Question: For crowdsourcing experiments and research with human subjects, does the paper include the full text of instructions given to participants and screenshots, if applicable, as well as details about compensation (if any)? Answer: [NA] Justification: Guidelines: The answer NA means that the paper does not involve crowdsourcing nor research with human subjects. Including this information in the supplemental material is fine, but if the main contribution of the paper involves human subjects, then as much detail as possible should be included in the main paper.

According to the Neur IPS Code of Ethics, workers involved in data collection, curation, or other labor should be paid at least the minimum wage in the country of the data collector.
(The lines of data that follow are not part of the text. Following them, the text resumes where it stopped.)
(* Let $k=2$, $\Phi\equiv0$, $H$ convex, $f\ge0$, and $g=fH''\ge0$. Consider the cell-average update on a uniform mesh with zero-flux boundary conditions $$\bar u_j^{n+1}=\bar u_j^n+\mu h\,\{g(u_h^n)\}\widehat{\partial_xu_h^n}\Big|_{\partial I_j},\qquad j=1,\dots,N,$$ where $\mu=\Delta t/h^2$, $w|_{\partial I_j}:=w(x_{j+1/2})-w(x_{j-1/2})$, $\widehat{\partial_x u_h}=\beta_0\frac{[u_h]}{h}+\{\partial_xu_h\}+\beta_1h[\partial_x^2u_h]$ at interior interfaces, and the boundary terms at $x_{1/2}$ and $x_{N+1/2}$ are zero. Suppose $$\frac18<\beta_1<\frac14,\qquad \beta_0\ge1,$$ and $c_1\le c_2$ are constants with $u_h^n(x)\in[c_1,c_2]$ for all $x\in S_j=x_j+\frac h2\{-1,0,1\}$ and all $j=1,\dots,N$. If $$\mu\le\frac{1}{12\max_{j}|g_{j-1/2}|}\min\left\{\frac{1}{\beta_0+8\beta_1-2},\frac{1}{1-4\beta_1}\right\},$$ where $g_{j+1/2}=\{g(u_h^n)\}|_{x_{j+1/2}}$ for interior interfaces and $g_{1/2}=g_{N+1/2}=0$, then $\bar u_j^{n+1}\in[c_1,c_2]$ for all $j$.
   Context: Uniform mesh of $\Omega=[a,b]$ with cells $I_j=(x_{j-1/2},x_{j+1/2})$ of length $h$, centers $x_j$; $u_h^n\in V_h=\{v: v|_{I_j}\in P^2(I_j)\}$, and $\bar u_j^n=\frac1h\int_{I_j}u_h^n\,dx$. At interior interfaces, $v^\pm$ are right/left limits, $[v]=v^+-v^-$, $\{v\}=(v^++v^-)/2$. The update is the cell-average equation of the forward Euler DG scheme for $\partial_tu=\partial_x(f(u)H''(u)\partial_xu)$ (i.e. the scheme with $\Phi=0$, $q_h=u_h$ and $f$ replaced by $fH''$). *)

theory Defs
  imports "HOL-Analysis.Analysis" "HOL-Computational_Algebra.Polynomial"
begin

text \<open>Uniform mesh of [a, a + N h]: cell I_j = (x_{j-1/2}, x_{j+1/2}), j = 1..N.
  The interface point x_{j+1/2} is xif a h j = a + j h (j = 0..N).
  The DG solution u_h on cell j is the polynomial p j (degree at most 2).\<close>

definition xif :: "real \<Rightarrow> real \<Rightarrow> nat \<Rightarrow> real" where
  "xif a h j = a + real j * h"

definition xc :: "real \<Rightarrow> real \<Rightarrow> nat \<Rightarrow> real" where
  "xc a h j = a + (real j - 1/2) * h"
15. Institutional Review Board (IRB) Approvals or Equivalent for Research with Human Subjects

Question: Does the paper describe potential risks incurred by study participants, whether such risks were disclosed to the subjects, and whether Institutional Review Board (IRB) approvals (or an equivalent approval/review based on the requirements of your country or institution) were obtained?

Answer: [NA]

Guidelines:

The answer NA means that the paper does not involve crowdsourcing nor research with human subjects. Depending on the country in which research is conducted, IRB approval (or equivalent) may be required for any human subjects research. If you obtained IRB approval, you should clearly state this in the paper. We recognize that the procedures for this may vary significantly between institutions and locations, and we expect authors to adhere to the Neur IPS Code of Ethics and the guidelines for their institution. For initial submissions, do not include any information that would break anonymity (if applicable), such as the institution conducting the review.